= Beginning of Section =

(* $\mathcal I\subsetneq\mathcal U$, where $\mathcal I$ is the set of processes $P$ such that $\Gamma;\Delta\vdash_{\mathcal I}P::x:A$ is derivable in $\pi\mathsf{ILL}$ for some $\Gamma,\Delta,x,A$, and $\mathcal U$ is the set of processes $P$ such that $\Gamma;\Delta\vdash P::\Lambda$ is derivable in $\pi\mathsf{ULL}$ for some $\Gamma,\Delta,\Lambda$. (For instance, $x(y).x(\,).y[\,].\mathbf 0\in\mathcal U\setminus\mathcal I$.)
   Context: **Types.** $A,B::=\mathbf 1\mid\bot\mid A\otimes B\mid A\multimap B\mid \oplus\{i:A_i\}_{i\in I}\mid \&\{i:A_i\}_{i\in I}\mid {!}A\mid {?}A$. **Duality**: $\mathbf 1^\perp=\bot$, $\bot^\perp=\mathbf 1$, $(A\otimes B)^\perp=A\multimap B^\perp$, $(A\multimap B)^\perp=A\otimes B^\perp$, $(\oplus\{i:A_i\})^\perp=\&\{i:A_i^\perp\}$, $(\&\{i:A_i\})^\perp=\oplus\{i:A_i^\perp\}$, $({!}A)^\perp={?}A^\perp$, $({?}A)^\perp={!}A^\perp$; $A⅋B:=A^\perp\multimap B$. **Processes.** $P,Q::=\mathbf 0\mid \nu x\,P\mid P|Q\mid x[y].P\mid x(y).P\mid x\triangleleft \ell.P\mid x\triangleright\{i:P_i\}_{i\in I}\mid {!}x(y).P\mid [x\leftrightarrow y]\mid x[\,].P\mid x(\,).P$ (send, receive, select, branch, replicated receive, forwarder, empty send, empty receive). $y$ is bound in $\nu y\,P$, $x(y).P$, ${!}x(y).P$; processes up to $\alpha$-renaming; $P\{y/x\}$ capture-avoiding substitution. **Type system $\pi\mathsf{ULL}$.** Judgments $\Gamma;\Delta\vdash P::\Lambda$ ($\Gamma$ unrestricted, $\Delta,\Lambda$ linear; finite sets of $x:A$ with distinct names; comma = disjoint union). Rules ($\Gamma$ shared): (idR) $\Gamma;x:A\vdash[x\leftrightarrow y]::y:A$. (idL) $\Gamma;x:A,y:A^\perp\vdash[x\leftrightarrow y]::\emptyset$. (1R) $\Gamma;\emptyset\vdash x[\,].\mathbf 0::x:\mathbf 1$. (1L) $\Gamma;\Delta\vdash P::\Lambda\Rightarrow\Gamma;\Delta,x:\mathbf 1\vdash x(\,).P::\Lambda$. (⊥R) $\Gamma;\Delta\vdash P::\Lambda\Rightarrow\Gamma;\Delta\vdash x(\,).P::\Lambda,x:\bot$. (⊥L) $\Gamma;x:\bot\vdash x[\,].\mathbf 0::\emptyset$. (⊗R) $\Gamma;\Delta\vdash P::\Lambda,y:A$, $\Gamma;\Delta'\vdash Q::\Lambda',x:B\Rightarrow\Gamma;\Delta,\Delta'\vdash\nu y\,x[y].(P|Q)::\Lambda,\Lambda',x:A\otimes B$. (⊗L) $\Gamma;\Delta,y:A,x:B\vdash P::\Lambda\Rightarrow\Gamma;\Delta,x:A\otimes B\vdash x(y).P::\Lambda$. (⅋R) $\Gamma;\Delta\vdash P::\Lambda,y:A,x:B\Rightarrow\Gamma;\Delta\vdash x(y).P::\Lambda,x:A⅋B$. (⅋L) $\Gamma;\Delta,y:A\vdash P::\Lambda$, $\Gamma;\Delta',x:B\vdash Q::\Lambda'\Rightarrow\Gamma;\Delta,\Delta',x:A⅋B\vdash\nu y\,x[y].(P|Q)::\Lambda,\Lambda'$. (⊸R) $\Gamma;\Delta,y:A\vdash P::\Lambda,x:B\Rightarrow\Gamma;\Delta\vdash x(y).P::\Lambda,x:A\multimap B$. (⊸L) $\Gamma;\Delta\vdash P::\Lambda,y:A$, $\Gamma;\Delta',x:B\vdash Q::\Lambda'\Rightarrow\Gamma;\Delta,\Delta',x:A\multimap B\vdash\nu y\,x[y].(P|Q)::\Lambda,\Lambda'$. (⊕R) $\Gamma;\Delta\vdash P::\Lambda,x:A_j$, $j\in I\Rightarrow\Gamma;\Delta\vdash x\triangleleft j.P::\Lambda,x:\oplus\{i:A_i\}_{i\in I}$. (⊕L) $\forall i\in I.\ \Gamma;\Delta,x:A_i\vdash P_i::\Lambda\Rightarrow\Gamma;\Delta,x:\oplus\{i:A_i\}_{i\in I}\vdash x\triangleright\{i:P_i\}_{i\in I}::\Lambda$. (&R) $\forall i\in I.\ \Gamma;\Delta\vdash P_i::\Lambda,x:A_i\Rightarrow\Gamma;\Delta\vdash x\triangleright\{i:P_i\}_{i\in I}::\Lambda,x:\&\{i:A_i\}_{i\in I}$. (&L) $\Gamma;\Delta,x:A_j\vdash P::\Lambda$, $j\in I\Rightarrow\Gamma;\Delta,x:\&\{i:A_i\}_{i\in I}\vdash x\triangleleft j.P::\Lambda$. (copyR) $\Gamma,u:A;\Delta\vdash P::\Lambda,x:A^\perp\Rightarrow\Gamma,u:A;\Delta\vdash\nu x\,u[x].P::\Lambda$. (copyL) $\Gamma,u:A;\Delta,x:A\vdash P::\Lambda\Rightarrow\Gamma,u:A;\Delta\vdash\nu x\,u[x].P::\Lambda$. (!R) $\Gamma;\emptyset\vdash P::y:A\Rightarrow\Gamma;\emptyset\vdash{!}x(y).P::x:{!}A$. (!L) $\Gamma,u:A;\Delta\vdash P::\Lambda\Rightarrow\Gamma;\Delta,x:{!}A\vdash P\{x/u\}::\Lambda$. (?R) $\Gamma,u:A;\Delta\vdash P::\Lambda\Rightarrow\Gamma;\Delta\vdash P\{x/u\}::\Lambda,x:{?}A^\perp$. (?L) $\Gamma;y:A\vdash P::\emptyset\Rightarrow\Gamma;x:{?}A\vdash{!}x(y).P::\emptyset$. (cutRL) $\Gamma;\Delta\vdash P::\Lambda,x:A$, $\Gamma;\Delta',x:A\vdash Q::\Lambda'\Rightarrow\Gamma;\Delta,\Delta'\vdash\nu x(P|Q)::\Lambda,\Lambda'$; (cutLR) premises $\Gamma;\Delta,x:A\vdash P::\Lambda$, $\Gamma;\Delta'\vdash Q::\Lambda',x:A$; (cutRR) premises $\Gamma;\Delta\vdash P::\Lambda,x:A$, $\Gamma;\Delta'\vdash Q::\Lambda',x:A^\perp$; (cutLL) premises $\Gamma;\Delta,x:A\vdash P::\Lambda$, $\Gamma;\Delta',x:A^\perp\vdash Q::\Lambda'$ (same conclusion). (cut!R) $\Gamma,u:A;\Delta\vdash P::\Lambda$, $\Gamma;\emptyset\vdash Q::x:A\Rightarrow\Gamma;\Delta\vdash\nu u(P|{!}u(x).Q)::\Lambda$. (cut!L) $\Gamma;\emptyset\vdash P::x:A$, $\Gamma,u:A;\Delta\vdash Q::\Lambda\Rightarrow\Gamma;\Delta\vdash\nu u({!}u(x).P|Q)::\Lambda$. (cut?R) $\Gamma,u:A;\Delta\vdash P::\Lambda$, $\Gamma;x:A^\perp\vdash Q::\emptyset\Rightarrow\Gamma;\Delta\vdash\nu u(P|{!}u(x).Q)::\Lambda$. (cut?L) $\Gamma;x:A^\perp\vdash P::\emptyset$, $\Gamma,u:A;\Delta\vdash Q::\Lambda\Rightarrow\Gamma;\Delta\vdash\nu u({!}u(x).P|Q)::\Lambda$. **$\pi\mathsf{ILL}$**: types $A,B::=\mathbf 1\mid A\otimes B\mid A\multimap B\mid\oplus\{i:A_i\}_{i\in I}\mid\&\{i:A_i\}_{i\in I}\mid{!}A$ (no $\bot$, no ${?}$); judgments $\Gamma;\Delta\vdash_{\mathcal I}P::z:C$ (exactly one assignment on the right). Rules: (id) $\Gamma;x:A\vdash_{\mathcal I}[x\leftrightarrow y]::y:A$. (1R) $\Gamma;\emptyset\vdash_{\mathcal I}x[\,].\mathbf 0::x:\mathbf 1$. (1L) $\Gamma;\Delta\vdash_{\mathcal I}P::z:C\Rightarrow\Gamma;\Delta,x:\mathbf 1\vdash_{\mathcal I}x(\,).P::z:C$. (⊗R) $\Gamma;\Delta\vdash_{\mathcal I}P::y:A$, $\Gamma;\Delta'\vdash_{\mathcal I}Q::x:B\Rightarrow\Gamma;\Delta,\Delta'\vdash_{\mathcal I}\nu y\,x[y].(P|Q)::x:A\otimes B$. (⊗L) $\Gamma;\Delta,y:A,x:B\vdash_{\mathcal I}P::z:C\Rightarrow\Gamma;\Delta,x:A\otimes B\vdash_{\mathcal I}x(y).P::z:C$. (⊸R) $\Gamma;\Delta,y:A\vdash_{\mathcal I}P::x:B\Rightarrow\Gamma;\Delta\vdash_{\mathcal I}x(y).P::x:A\multimap B$. (⊸L) $\Gamma;\Delta\vdash_{\mathcal I}P::y:A$, $\Gamma;\Delta',x:B\vdash_{\mathcal I}Q::z:C\Rightarrow\Gamma;\Delta,\Delta',x:A\multimap B\vdash_{\mathcal I}\nu y\,x[y].(P|Q)::z:C$. (⊕R) $\Gamma;\Delta\vdash_{\mathcal I}P::x:A_j$, $j\in I\Rightarrow\Gamma;\Delta\vdash_{\mathcal I}x\triangleleft j.P::x:\oplus\{i:A_i\}_{i\in I}$. (⊕L) $\forall i.\ \Gamma;\Delta,x:A_i\vdash_{\mathcal I}P_i::z:C\Rightarrow\Gamma;\Delta,x:\oplus\{i:A_i\}_{i\in I}\vdash_{\mathcal I}x\triangleright\{i:P_i\}_{i\in I}::z:C$. (&R) $\forall i.\ \Gamma;\Delta\vdash_{\mathcal I}P_i::x:A_i\Rightarrow\Gamma;\Delta\vdash_{\mathcal I}x\triangleright\{i:P_i\}_{i\in I}::x:\&\{i:A_i\}_{i\in I}$. (&L) $\Gamma;\Delta,x:A_j\vdash_{\mathcal I}P::z:C$, $j\in I\Rightarrow\Gamma;\Delta,x:\&\{i:A_i\}_{i\in I}\vdash_{\mathcal I}x\triangleleft j.P::z:C$. (copy) $\Gamma,u:A;\Delta,x:A\vdash_{\mathcal I}P::z:C\Rightarrow\Gamma,u:A;\Delta\vdash_{\mathcal I}\nu x\,u[x].P::z:C$. (!R) $\Gamma;\emptyset\vdash_{\mathcal I}P::y:A\Rightarrow\Gamma;\emptyset\vdash_{\mathcal I}{!}x(y).P::x:{!}A$. (!L) $\Gamma,u:A;\Delta\vdash_{\mathcal I}P::z:C\Rightarrow\Gamma;\Delta,x:{!}A\vdash_{\mathcal I}P\{x/u\}::z:C$. (cutRL) $\Gamma;\Delta\vdash_{\mathcal I}P::x:A$, $\Gamma;\Delta',x:A\vdash_{\mathcal I}Q::z:C\Rightarrow\Gamma;\Delta,\Delta'\vdash_{\mathcal I}\nu x(P|Q)::z:C$. (cutLR) $\Gamma;\Delta,x:A\vdash_{\mathcal I}P::z:C$, $\Gamma;\Delta'\vdash_{\mathcal I}Q::x:A\Rightarrow\Gamma;\Delta,\Delta'\vdash_{\mathcal I}\nu x(P|Q)::z:C$. (cut!R) $\Gamma,u:A;\Delta\vdash_{\mathcal I}P::z:C$, $\Gamma;\emptyset\vdash_{\mathcal I}Q::x:A\Rightarrow\Gamma;\Delta\vdash_{\mathcal I}\nu u(P|{!}u(x).Q)::z:C$. (cut!L) $\Gamma;\emptyset\vdash_{\mathcal I}P::x:A$, $\Gamma,u:A;\Delta\vdash_{\mathcal I}Q::z:C\Rightarrow\Gamma;\Delta\vdash_{\mathcal I}\nu u({!}u(x).P|Q)::z:C$. *)

theory Defs
  imports Main "HOL-Library.Finite_Map"
begin

type_synonym name = nat
type_synonym label = nat

datatype tp =
    One
  | Bot
  | Tensor tp tp
  | Lolli tp tp
  | Plus "(label, tp) fmap"     (* \<oplus>{i:A_i}_{i\<in>I}, I = fmdom *)
  | With "(label, tp) fmap"
  | Bang tp
  | Quest tp

primrec dual :: "tp \<Rightarrow> tp" where
  "dual One = Bot"
| "dual Bot = One"
| "dual (Tensor A B) = Lolli A (dual B)"
| "dual (Lolli A B) = Tensor A (dual B)"
| "dual (Plus As) = With (fmmap dual As)"
| "dual (With As) = Plus (fmmap dual As)"
| "dual (Bang A) = Quest (dual A)"
| "dual (Quest A) = Bang (dual A)"

definition ParT :: "tp \<Rightarrow> tp \<Rightarrow> tp" where
  "ParT A B = Lolli (dual A) B"

primrec ityp :: "tp \<Rightarrow> bool" where
  "ityp One = True"
| "ityp Bot = False"
| "ityp (Tensor A B) = (ityp A \<and> ityp B)"
| "ityp (Lolli A B) = (ityp A \<and> ityp B)"
| "ityp (Plus As) = pred_fmap ityp As"
| "ityp (With As) = pred_fmap ityp As"
| "ityp (Bang A) = ityp A"
| "ityp (Quest A) = False"

datatype proc =
    Nil
  | Nu name proc                        (* \<nu>x P        binds x *)
  | Par proc proc
  | Out name name proc                  (* x[y].P *)
  | In name name proc                   (* x(y).P       binds y *)
  | Sel name label proc
  | Case name "(label, proc) fmap"
  | RepIn name name proc                (* !x(y).P      binds y *)
  | Fwd name name
  | Close name proc
  | Wait name proc

primrec fv :: "proc \<Rightarrow> name set" where
  "fv Nil = {}"
| "fv (Nu x P) = fv P - {x}"
| "fv (Par P Q) = fv P \<union> fv Q"
| "fv (Out x y P) = {x, y} \<union> fv P"
| "fv (In x y P) = {x} \<union> (fv P - {y})"
| "fv (Sel x l P) = {x} \<union> fv P"
| "fv (Case x Ps) = {x} \<union> \<Union> (fmran' (fmmap fv Ps))"
| "fv (RepIn x y P) = {x} \<union> (fv P - {y})"
| "fv (Fwd x y) = {x, y}"
| "fv (Close x P) = {x} \<union> fv P"
| "fv (Wait x P) = {x} \<union> fv P"

primrec bn :: "proc \<Rightarrow> name set" where
  "bn Nil = {}"
| "bn (Nu x P) = {x} \<union> bn P"
| "bn (Par P Q) = bn P \<union> bn Q"
| "bn (Out x y P) = bn P"
| "bn (In x y P) = {y} \<union> bn P"
| "bn (Sel x l P) = bn P"
| "bn (Case x Ps) = \<Union> (fmran' (fmmap bn Ps))"
| "bn (RepIn x y P) = {y} \<union> bn P"
| "bn (Fwd x y) = {}"
| "bn (Close x P) = bn P"
| "bn (Wait x P) = bn P"

definition swp :: "name \<Rightarrow> name \<Rightarrow> name \<Rightarrow> name" where
  "swp a b c = (if c = a then b else if c = b then a else c)"

primrec swap :: "name \<Rightarrow> name \<Rightarrow> proc \<Rightarrow> proc" where
  "swap a b Nil = Nil"
| "swap a b (Nu x P) = Nu (swp a b x) (swap a b P)"
| "swap a b (Par P Q) = Par (swap a b P) (swap a b Q)"
| "swap a b (Out x y P) = Out (swp a b x) (swp a b y) (swap a b P)"
| "swap a b (In x y P) = In (swp a b x) (swp a b y) (swap a b P)"
| "swap a b (Sel x l P) = Sel (swp a b x) l (swap a b P)"
| "swap a b (Case x Ps) = Case (swp a b x) (fmmap (swap a b) Ps)"
| "swap a b (RepIn x y P) = RepIn (swp a b x) (swp a b y) (swap a b P)"
| "swap a b (Fwd x y) = Fwd (swp a b x) (swp a b y)"
| "swap a b (Close x P) = Close (swp a b x) (swap a b P)"
| "swap a b (Wait x P) = Wait (swp a b x) (swap a b P)"

inductive alpha :: "proc \<Rightarrow> proc \<Rightarrow> bool" where
  a_refl: "alpha P P"
| a_sym: "alpha P Q \<Longrightarrow> alpha Q P"
| a_trans: "alpha P Q \<Longrightarrow> alpha Q R \<Longrightarrow> alpha P R"
| a_Nu_ren: "z \<notin> fv (Nu x P) \<Longrightarrow> alpha (Nu x P) (Nu z (swap x z P))"
| a_In_ren: "z \<notin> fv (In x y P) \<Longrightarrow> alpha (In x y P) (In x z (swap y z P))"
| a_RepIn_ren: "z \<notin> fv (RepIn x y P) \<Longrightarrow> alpha (RepIn x y P) (RepIn x z (swap y z P))"
| a_Nu: "alpha P Q \<Longrightarrow> alpha (Nu x P) (Nu x Q)"
| a_Par: "alpha P P' \<Longrightarrow> alpha Q Q' \<Longrightarrow> alpha (Par P Q) (Par P' Q')"
| a_Out: "alpha P Q \<Longrightarrow> alpha (Out x y P) (Out x y Q)"
| a_In: "alpha P Q \<Longrightarrow> alpha (In x y P) (In x y Q)"
| a_Sel: "alpha P Q \<Longrightarrow> alpha (Sel x l P) (Sel x l Q)"
| a_Case: "fmdom Ps = fmdom Qs \<Longrightarrow>
    (\<forall>i P Q. fmlookup Ps i = Some P \<longrightarrow> fmlookup Qs i = Some Q \<longrightarrow> alpha P Q) \<Longrightarrow>
    alpha (Case x Ps) (Case x Qs)"
| a_RepIn: "alpha P Q \<Longrightarrow> alpha (RepIn x y P) (RepIn x y Q)"
| a_Close: "alpha P Q \<Longrightarrow> alpha (Close x P) (Close x Q)"
| a_Wait: "alpha P Q \<Longrightarrow> alpha (Wait x P) (Wait x Q)"

(* replacement of free occurrences of u by x; it is capture-avoiding (and hence
   coincides with P{x/u}) whenever x \<notin> bn P, which the typing rules require;
   together with the alpha rule this models capture-avoiding substitution
   on processes up to alpha-renaming *)
definition rn :: "name \<Rightarrow> name \<Rightarrow> name \<Rightarrow> name" where
  "rn x u c = (if c = u then x else c)"

primrec subst :: "name \<Rightarrow> name \<Rightarrow> proc \<Rightarrow> proc" where
  "subst x u Nil = Nil"
| "subst x u (Nu y P) = Nu y (if y = u then P else subst x u P)"
| "subst x u (Par P Q) = Par (subst x u P) (subst x u Q)"
| "subst x u (Out a b P) = Out (rn x u a) (rn x u b) (subst x u P)"
| "subst x u (In a y P) = In (rn x u a) y (if y = u then P else subst x u P)"
| "subst x u (Sel a l P) = Sel (rn x u a) l (subst x u P)"
| "subst x u (Case a Ps) = Case (rn x u a) (fmmap (subst x u) Ps)"
| "subst x u (RepIn a y P) = RepIn (rn x u a) y (if y = u then P else subst x u P)"
| "subst x u (Fwd a b) = Fwd (rn x u a) (rn x u b)"
| "subst x u (Close a P) = Close (rn x u a) (subst x u P)"
| "subst x u (Wait a P) = Wait (rn x u a) (subst x u P)"

type_synonym ctx = "(name, tp) fmap"

definition sing :: "name \<Rightarrow> tp \<Rightarrow> ctx" where
  "sing x A = fmupd x A fmempty"

definition disj :: "ctx \<Rightarrow> ctx \<Rightarrow> bool" where
  "disj D E \<longleftrightarrow> fmdom D |\<inter>| fmdom E = {||}"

= End of Section =

[How to complete this task] The lines above, starting at the one with "alpha (Case x" and ending at the one with "alpha (Wait x", are the only ones to return, exactly as written.

[Final answer]
    alpha (Case x Ps) (Case x Qs)"
| a_RepIn: "alpha P Q \<Longrightarrow> alpha (RepIn x y P) (RepIn x y Q)"
| a_Close: "alpha P Q \<Longrightarrow> alpha (Close x P) (Close x Q)"
| a_Wait: "alpha P Q \<Longrightarrow> alpha (Wait x P) (Wait x Q)"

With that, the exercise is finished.